Exercise -
The line that holds "H t (Phi_inv" marks the start. Return it and each following line through the end of the data, unchanged.

Study material -
lemma bb_zeta_has_derivative_from_ground:
  assumes "m > 0" and "g > 0" and "c^2 \<noteq> 1" and "y0 > 0"
  shows "(bb_zeta m g c has_derivative
           (\<lambda>v. (m^2 * g * (1 + c^2) * v$1 + 2 * y0 * v$2) / (m * g * y0 * (1 - c^2))))
         (at (vector [0, y0]))"
proof -
  have "((\<lambda>w :: real^2. sqrt ((w$2)^2 + 2 * m^2 * g * w$1)) has_derivative
      (\<lambda>v. (y0 * v$2 + m^2 * g * v$1) / y0)) (at (vector [0, y0]))"
    using assms by (auto intro!: derivative_eq_intros ext simp: field_simps)
  then show ?thesis
    unfolding bb_zeta_def[abs_def]
    using assms by (auto intro!: derivative_eq_intros ext simp: divide_simps eq_commute[of 1 "c^2"])
      (simp_all add: algebra_simps)
qed

theorem proposition6p7:
  fixes m g c y0 :: real
  assumes "m > 0" and "g > 0" and "0 < c" and "c < 1" and "y0 > 0"
  defines "tZ \<equiv> 2 * y0 / (m * g * (1 - c^2))"
      and "PhiZ \<equiv> vector [vector [0, 0],
                    vector [(m^2 * g / y0) * ((1 + c^2) / (1 - c^2)), 2 / (1 - c^2)]] :: real^2^2"
  shows "(bb_impact_time m g c (0, y0) \<longlonglongrightarrow> tZ)
    \<and> (bb_zeta m g c (vector [0, y0]) = tZ)
    \<and> ((bb_Phi m g c (0, y0) \<longlongrightarrow> PhiZ) (at_left tZ))
    \<and> (det PhiZ = 0)
    \<and> (bb_zeta m g c differentiable (at (vector [0, y0])))
    \<and> (\<forall>D. (bb_zeta m g c has_derivative D) (at (vector [0, y0])) \<longrightarrow>
           {v. D v = 0} = {v. PhiZ *v v = 0}
         \<and> {v. D v = 0} = span {vector [- 2 * y0, m^2 * g * (1 + c^2)] :: real^2})"
proof -
  note pos = assms(1-5)
  have "c^2 \<noteq> 1"
    using pos by (simp add: power_less_one_iff less_imp_neq)
  note zeta_deriv = bb_zeta_has_derivative_from_ground[OF assms(1,2) this assms(5)]
  define kernel where "kernel = {v :: real^2. m^2 * g * (1 + c^2) * v$1 + 2 * y0 * v$2 = 0}"
  have PhiZ: "PhiZ = bounce_transition (m^2 * g) (c^2) y0 0"
    by (simp add: PhiZ_def bounce_transition_def field_simps)
  have "{v. PhiZ *v v = 0} = kernel"
    using \<open>c^2 \<noteq> 1\<close> pos by (simp add: PhiZ kernel_def bounce_transition_0_mult_eq_0_iff)
  moreover have "span {vector [- 2 * y0, m^2 * g * (1 + c^2)] :: real^2} = kernel"
    using span_vector2_eq_kernel[of "2 * y0" "m^2 * g * (1 + c^2)"] pos by (simp add: kernel_def)
  moreover have "{v. D v = 0} = kernel"
    if "(bb_zeta m g c has_derivative D) (at (vector [0, y0]))" for D
    using has_derivative_unique[OF that zeta_deriv] \<open>c^2 \<noteq> 1\<close> pos by (auto simp: kernel_def)
  ultimately show ?thesis
    using bb_impact_time_from_ground_LIMSEQ[OF pos] bb_Phi_from_ground_tendsto[OF pos]
      bb_zeta_from_ground[OF assms(1,2) \<open>c^2 \<noteq> 1\<close> assms(5)] differentiableI[OF zeta_deriv]
    by (simp add: tZ_def PhiZ det_2 bounce_transition_def)
qed

end
lemma Phi_add_orthogonal:
  "subspace H \<Longrightarrow> y \<in> H \<Longrightarrow> z \<in> H\<^sup>\<bottom> \<Longrightarrow> Phi H t (y + z) = (1 / (1 - t)) *\<^sub>R y + z"
  by (simp add: Phi_def oproj_add_orthogonal)

lemma Phi_inv_add_orthogonal:
  "subspace H \<Longrightarrow> y \<in> H \<Longrightarrow> z \<in> H\<^sup>\<bottom> \<Longrightarrow> Phi_inv H t (y + z) = (1 - t) *\<^sub>R y + z"
  by (simp add: Phi_inv_def oproj_add_orthogonal algebra_simps)

lemma Phi_inv_orthogonal_comp: "subspace H \<Longrightarrow> z \<in> H\<^sup>\<bottom> \<Longrightarrow> Phi_inv H t z = z"
  by (simp add: Phi_inv_def oproj_orthogonal_comp)

lemma inner_Phi:
  assumes "subspace H"
  shows "inner (Phi H t u) v
    = inner (oproj H u) (oproj H v) / (1 - t) + inner (u - oproj H u) (v - oproj H v)"
proof -
  have "inner (oproj H u) (v - oproj H v) = 0" "inner (u - oproj H u) (oproj H v) = 0"
    using oproj_in[OF assms] orthogonal_comp_inner by blast+
  then have "inner (oproj H u) v = inner (oproj H u) (oproj H v)"
    "inner (u - oproj H u) v = inner (u - oproj H u) (v - oproj H v)"
    by (simp_all add: inner_diff_right)
  then show ?thesis
    by (simp add: Phi_def inner_add_left)
qed

lemma left_invariant_metric_Phi:
  assumes "lie_bracket b" "bi_invariant b" "subspace H" "t < 1"
  shows "left_invariant_metric b (Phi H t) (Phi_inv H t)"
proof (intro left_invariant_metric.intro left_invariant_metric_axioms.intro
    bi_invariant_lie_algebra.intro assms(1,2))
  show "linear (Phi H t)"
    using linear_oproj[OF assms(3)]
    by (auto intro!: linearI simp: Phi_def linear_add linear_scale algebra_simps)
  show "inner (Phi H t u) v = inner u (Phi H t v)" for u v
    using inner_Phi[OF assms(3)] by (metis inner_commute)
  fix w
  let ?y = "oproj H w" and ?z = "w - oproj H w"
  have y: "?y \<in> H" "c *\<^sub>R ?y \<in> H" and z: "?z \<in> H\<^sup>\<bottom>" for c
    using assms(3) oproj_in subspace_scale by blast+
  have w: "w = ?y + ?z"
    by simp
  show "Phi H t (Phi_inv H t w) = w"
    using assms(4) Phi_inv_add_orthogonal[OF assms(3) y(1) z, folded w]
      Phi_add_orthogonal[OF assms(3) y(2) z] by simp
  show "Phi_inv H t (Phi H t w) = w"
    using assms(4) Phi_add_orthogonal[OF assms(3) y(1) z, folded w]
      Phi_inv_add_orthogonal[OF assms(3) y(2) z] by simp
qed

Exercise answer -
  show "Phi H t (Phi_inv H t w) = w"
    using assms(4) Phi_inv_add_orthogonal[OF assms(3) y(1) z, folded w]
      Phi_add_orthogonal[OF assms(3) y(2) z] by simp
  show "Phi_inv H t (Phi H t w) = w"
    using assms(4) Phi_add_orthogonal[OF assms(3) y(1) z, folded w]
      Phi_inv_add_orthogonal[OF assms(3) y(2) z] by simp
qed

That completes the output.